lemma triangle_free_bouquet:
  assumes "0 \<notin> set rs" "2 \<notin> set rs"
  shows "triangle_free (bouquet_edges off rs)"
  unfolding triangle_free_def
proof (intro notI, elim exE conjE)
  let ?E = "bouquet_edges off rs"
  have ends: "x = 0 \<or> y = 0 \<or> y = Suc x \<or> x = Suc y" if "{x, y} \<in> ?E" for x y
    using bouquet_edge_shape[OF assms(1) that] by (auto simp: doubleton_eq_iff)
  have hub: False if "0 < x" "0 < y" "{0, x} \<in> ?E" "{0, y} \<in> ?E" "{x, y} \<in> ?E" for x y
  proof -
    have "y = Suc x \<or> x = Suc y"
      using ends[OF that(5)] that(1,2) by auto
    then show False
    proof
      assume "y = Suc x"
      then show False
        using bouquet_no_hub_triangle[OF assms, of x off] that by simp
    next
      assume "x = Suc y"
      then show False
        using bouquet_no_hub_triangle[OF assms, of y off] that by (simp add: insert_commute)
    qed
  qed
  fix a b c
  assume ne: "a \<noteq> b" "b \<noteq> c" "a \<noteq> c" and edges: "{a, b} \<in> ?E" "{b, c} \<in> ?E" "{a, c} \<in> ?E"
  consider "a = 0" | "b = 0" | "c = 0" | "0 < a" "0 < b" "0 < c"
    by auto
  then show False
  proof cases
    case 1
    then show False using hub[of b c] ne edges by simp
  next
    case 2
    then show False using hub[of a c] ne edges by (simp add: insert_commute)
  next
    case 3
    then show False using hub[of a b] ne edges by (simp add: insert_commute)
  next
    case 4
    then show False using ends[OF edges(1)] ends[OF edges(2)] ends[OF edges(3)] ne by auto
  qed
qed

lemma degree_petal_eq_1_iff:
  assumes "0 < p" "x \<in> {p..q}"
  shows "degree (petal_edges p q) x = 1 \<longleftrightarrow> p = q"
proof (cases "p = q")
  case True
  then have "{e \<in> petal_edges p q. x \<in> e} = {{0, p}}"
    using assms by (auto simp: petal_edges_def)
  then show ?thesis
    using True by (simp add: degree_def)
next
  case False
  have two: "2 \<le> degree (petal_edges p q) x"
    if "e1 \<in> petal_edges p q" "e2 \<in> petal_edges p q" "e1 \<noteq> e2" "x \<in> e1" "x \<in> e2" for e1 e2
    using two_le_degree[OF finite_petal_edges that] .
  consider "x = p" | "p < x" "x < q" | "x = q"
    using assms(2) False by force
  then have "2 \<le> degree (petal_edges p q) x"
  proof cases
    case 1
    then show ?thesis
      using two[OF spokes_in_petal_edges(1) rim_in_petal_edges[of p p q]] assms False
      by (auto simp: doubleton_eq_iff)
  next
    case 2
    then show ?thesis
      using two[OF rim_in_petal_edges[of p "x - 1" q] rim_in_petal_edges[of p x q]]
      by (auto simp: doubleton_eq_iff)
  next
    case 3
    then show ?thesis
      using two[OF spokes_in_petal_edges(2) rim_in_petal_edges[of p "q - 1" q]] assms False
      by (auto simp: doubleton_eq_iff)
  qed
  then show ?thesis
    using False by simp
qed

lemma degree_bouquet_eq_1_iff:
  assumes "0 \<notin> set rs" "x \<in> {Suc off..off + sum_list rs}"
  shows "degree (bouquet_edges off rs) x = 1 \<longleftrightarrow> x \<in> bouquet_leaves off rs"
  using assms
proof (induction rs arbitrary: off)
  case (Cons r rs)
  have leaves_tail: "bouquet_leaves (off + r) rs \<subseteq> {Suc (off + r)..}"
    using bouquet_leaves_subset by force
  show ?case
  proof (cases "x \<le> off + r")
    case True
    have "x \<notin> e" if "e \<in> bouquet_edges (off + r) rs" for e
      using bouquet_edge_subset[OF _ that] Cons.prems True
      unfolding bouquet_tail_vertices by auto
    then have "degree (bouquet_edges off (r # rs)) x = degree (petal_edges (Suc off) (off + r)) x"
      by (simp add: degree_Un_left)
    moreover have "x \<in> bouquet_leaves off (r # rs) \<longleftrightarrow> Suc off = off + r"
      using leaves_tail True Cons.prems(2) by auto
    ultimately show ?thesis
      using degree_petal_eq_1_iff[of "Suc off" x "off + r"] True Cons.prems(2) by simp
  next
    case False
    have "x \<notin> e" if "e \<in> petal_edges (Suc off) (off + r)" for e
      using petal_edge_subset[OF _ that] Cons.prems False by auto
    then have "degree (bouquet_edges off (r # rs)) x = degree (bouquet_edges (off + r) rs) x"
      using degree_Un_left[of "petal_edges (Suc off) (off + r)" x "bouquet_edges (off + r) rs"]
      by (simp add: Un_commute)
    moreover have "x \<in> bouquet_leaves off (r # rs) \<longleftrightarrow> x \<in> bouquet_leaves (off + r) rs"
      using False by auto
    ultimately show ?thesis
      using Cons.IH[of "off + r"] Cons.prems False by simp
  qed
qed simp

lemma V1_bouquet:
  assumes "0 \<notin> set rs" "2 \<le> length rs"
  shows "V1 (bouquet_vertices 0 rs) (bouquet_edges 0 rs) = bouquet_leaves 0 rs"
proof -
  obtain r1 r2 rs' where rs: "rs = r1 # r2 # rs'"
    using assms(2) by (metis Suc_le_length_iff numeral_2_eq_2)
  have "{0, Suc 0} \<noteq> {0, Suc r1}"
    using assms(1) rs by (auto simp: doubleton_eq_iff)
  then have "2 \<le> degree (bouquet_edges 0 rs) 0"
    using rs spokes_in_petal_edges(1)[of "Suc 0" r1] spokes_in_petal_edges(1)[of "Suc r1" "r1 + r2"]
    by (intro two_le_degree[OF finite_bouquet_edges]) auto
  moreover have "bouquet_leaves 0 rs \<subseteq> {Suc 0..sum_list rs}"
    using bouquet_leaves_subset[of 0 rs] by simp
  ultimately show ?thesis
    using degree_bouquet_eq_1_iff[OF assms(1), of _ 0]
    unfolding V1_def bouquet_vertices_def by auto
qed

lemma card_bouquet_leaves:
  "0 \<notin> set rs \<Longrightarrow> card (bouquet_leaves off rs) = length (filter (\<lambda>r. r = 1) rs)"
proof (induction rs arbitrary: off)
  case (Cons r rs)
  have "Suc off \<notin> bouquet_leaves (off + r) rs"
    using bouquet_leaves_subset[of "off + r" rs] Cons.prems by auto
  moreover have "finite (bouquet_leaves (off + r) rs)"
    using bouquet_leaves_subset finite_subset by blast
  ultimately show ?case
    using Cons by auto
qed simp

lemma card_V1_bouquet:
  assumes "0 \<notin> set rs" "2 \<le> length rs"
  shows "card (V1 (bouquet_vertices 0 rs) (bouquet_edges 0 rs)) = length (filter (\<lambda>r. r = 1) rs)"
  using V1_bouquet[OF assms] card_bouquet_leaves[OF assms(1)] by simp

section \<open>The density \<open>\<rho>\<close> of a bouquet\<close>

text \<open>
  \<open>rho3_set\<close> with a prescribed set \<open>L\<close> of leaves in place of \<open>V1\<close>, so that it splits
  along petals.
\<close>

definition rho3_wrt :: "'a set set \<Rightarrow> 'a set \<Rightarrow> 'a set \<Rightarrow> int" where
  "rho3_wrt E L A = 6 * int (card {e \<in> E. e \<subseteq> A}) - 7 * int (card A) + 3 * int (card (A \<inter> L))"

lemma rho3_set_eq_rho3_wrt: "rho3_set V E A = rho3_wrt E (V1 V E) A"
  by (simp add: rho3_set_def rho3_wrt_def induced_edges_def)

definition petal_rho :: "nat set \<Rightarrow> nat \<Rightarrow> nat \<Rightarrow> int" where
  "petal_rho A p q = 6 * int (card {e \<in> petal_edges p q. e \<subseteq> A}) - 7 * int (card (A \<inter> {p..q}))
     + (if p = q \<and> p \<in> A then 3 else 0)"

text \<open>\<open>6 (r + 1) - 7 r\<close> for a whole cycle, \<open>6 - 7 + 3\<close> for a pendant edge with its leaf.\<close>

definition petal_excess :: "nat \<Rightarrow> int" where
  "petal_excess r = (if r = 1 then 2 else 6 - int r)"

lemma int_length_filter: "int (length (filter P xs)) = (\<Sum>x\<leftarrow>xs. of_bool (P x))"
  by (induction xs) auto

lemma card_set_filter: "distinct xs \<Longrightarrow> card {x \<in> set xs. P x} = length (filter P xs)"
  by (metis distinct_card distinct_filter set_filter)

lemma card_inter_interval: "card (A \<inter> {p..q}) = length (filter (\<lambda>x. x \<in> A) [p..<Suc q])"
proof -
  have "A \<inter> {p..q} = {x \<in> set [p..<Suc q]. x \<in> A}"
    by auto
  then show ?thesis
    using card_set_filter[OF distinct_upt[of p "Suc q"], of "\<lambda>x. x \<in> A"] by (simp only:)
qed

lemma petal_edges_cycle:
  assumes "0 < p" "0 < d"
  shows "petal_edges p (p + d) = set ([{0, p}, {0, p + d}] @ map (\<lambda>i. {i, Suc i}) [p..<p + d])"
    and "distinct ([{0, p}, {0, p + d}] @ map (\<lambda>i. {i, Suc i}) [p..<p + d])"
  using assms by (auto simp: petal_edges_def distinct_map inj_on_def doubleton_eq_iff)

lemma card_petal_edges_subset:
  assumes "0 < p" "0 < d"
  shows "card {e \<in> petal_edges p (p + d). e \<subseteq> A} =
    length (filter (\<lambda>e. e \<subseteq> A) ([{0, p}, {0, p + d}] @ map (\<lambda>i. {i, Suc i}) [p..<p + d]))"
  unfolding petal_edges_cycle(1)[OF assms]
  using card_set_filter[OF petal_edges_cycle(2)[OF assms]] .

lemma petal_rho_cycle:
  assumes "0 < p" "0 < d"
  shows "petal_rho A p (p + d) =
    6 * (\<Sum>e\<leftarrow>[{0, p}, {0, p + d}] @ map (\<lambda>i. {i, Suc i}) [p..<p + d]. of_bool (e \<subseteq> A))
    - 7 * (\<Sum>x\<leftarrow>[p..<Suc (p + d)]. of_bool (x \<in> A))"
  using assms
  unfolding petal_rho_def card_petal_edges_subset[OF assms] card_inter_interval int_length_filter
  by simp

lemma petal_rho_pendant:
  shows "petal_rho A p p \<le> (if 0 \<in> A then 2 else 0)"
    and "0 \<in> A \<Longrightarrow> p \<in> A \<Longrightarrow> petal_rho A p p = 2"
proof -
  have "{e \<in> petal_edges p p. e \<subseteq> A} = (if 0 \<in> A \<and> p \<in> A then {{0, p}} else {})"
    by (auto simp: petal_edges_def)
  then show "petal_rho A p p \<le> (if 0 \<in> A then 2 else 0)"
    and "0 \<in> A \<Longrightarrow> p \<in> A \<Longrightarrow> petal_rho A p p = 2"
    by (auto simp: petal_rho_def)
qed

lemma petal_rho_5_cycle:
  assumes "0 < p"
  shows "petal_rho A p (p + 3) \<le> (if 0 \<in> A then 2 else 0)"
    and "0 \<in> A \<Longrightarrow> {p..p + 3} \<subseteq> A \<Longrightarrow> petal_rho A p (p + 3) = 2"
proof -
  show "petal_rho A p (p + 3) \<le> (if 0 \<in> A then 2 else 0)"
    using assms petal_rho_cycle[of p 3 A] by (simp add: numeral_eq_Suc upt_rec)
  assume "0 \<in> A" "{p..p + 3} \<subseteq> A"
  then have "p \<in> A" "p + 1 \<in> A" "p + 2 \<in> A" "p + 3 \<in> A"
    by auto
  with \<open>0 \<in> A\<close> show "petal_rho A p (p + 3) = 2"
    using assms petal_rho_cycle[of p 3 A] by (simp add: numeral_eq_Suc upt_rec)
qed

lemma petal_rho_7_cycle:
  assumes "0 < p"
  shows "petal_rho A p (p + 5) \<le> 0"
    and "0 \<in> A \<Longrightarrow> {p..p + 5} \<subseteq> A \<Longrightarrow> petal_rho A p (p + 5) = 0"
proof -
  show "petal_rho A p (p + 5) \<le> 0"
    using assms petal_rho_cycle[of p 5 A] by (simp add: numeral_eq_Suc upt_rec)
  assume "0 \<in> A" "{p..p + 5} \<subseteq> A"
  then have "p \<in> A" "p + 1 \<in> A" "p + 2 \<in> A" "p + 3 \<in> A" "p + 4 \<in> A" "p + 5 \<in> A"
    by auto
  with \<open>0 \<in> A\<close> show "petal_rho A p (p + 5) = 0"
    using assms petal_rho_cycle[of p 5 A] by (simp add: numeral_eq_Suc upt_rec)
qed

Work request: Look through the records and gather every line containing "noteq".

Solution:
  assume ne: "a \<noteq> b" "b \<noteq> c" "a \<noteq> c" and edges: "{a, b} \<in> ?E" "{b, c} \<in> ?E" "{a, c} \<in> ?E"
    if "e1 \<in> petal_edges p q" "e2 \<in> petal_edges p q" "e1 \<noteq> e2" "x \<in> e1" "x \<in> e2" for e1 e2
  have "{0, Suc 0} \<noteq> {0, Suc r1}"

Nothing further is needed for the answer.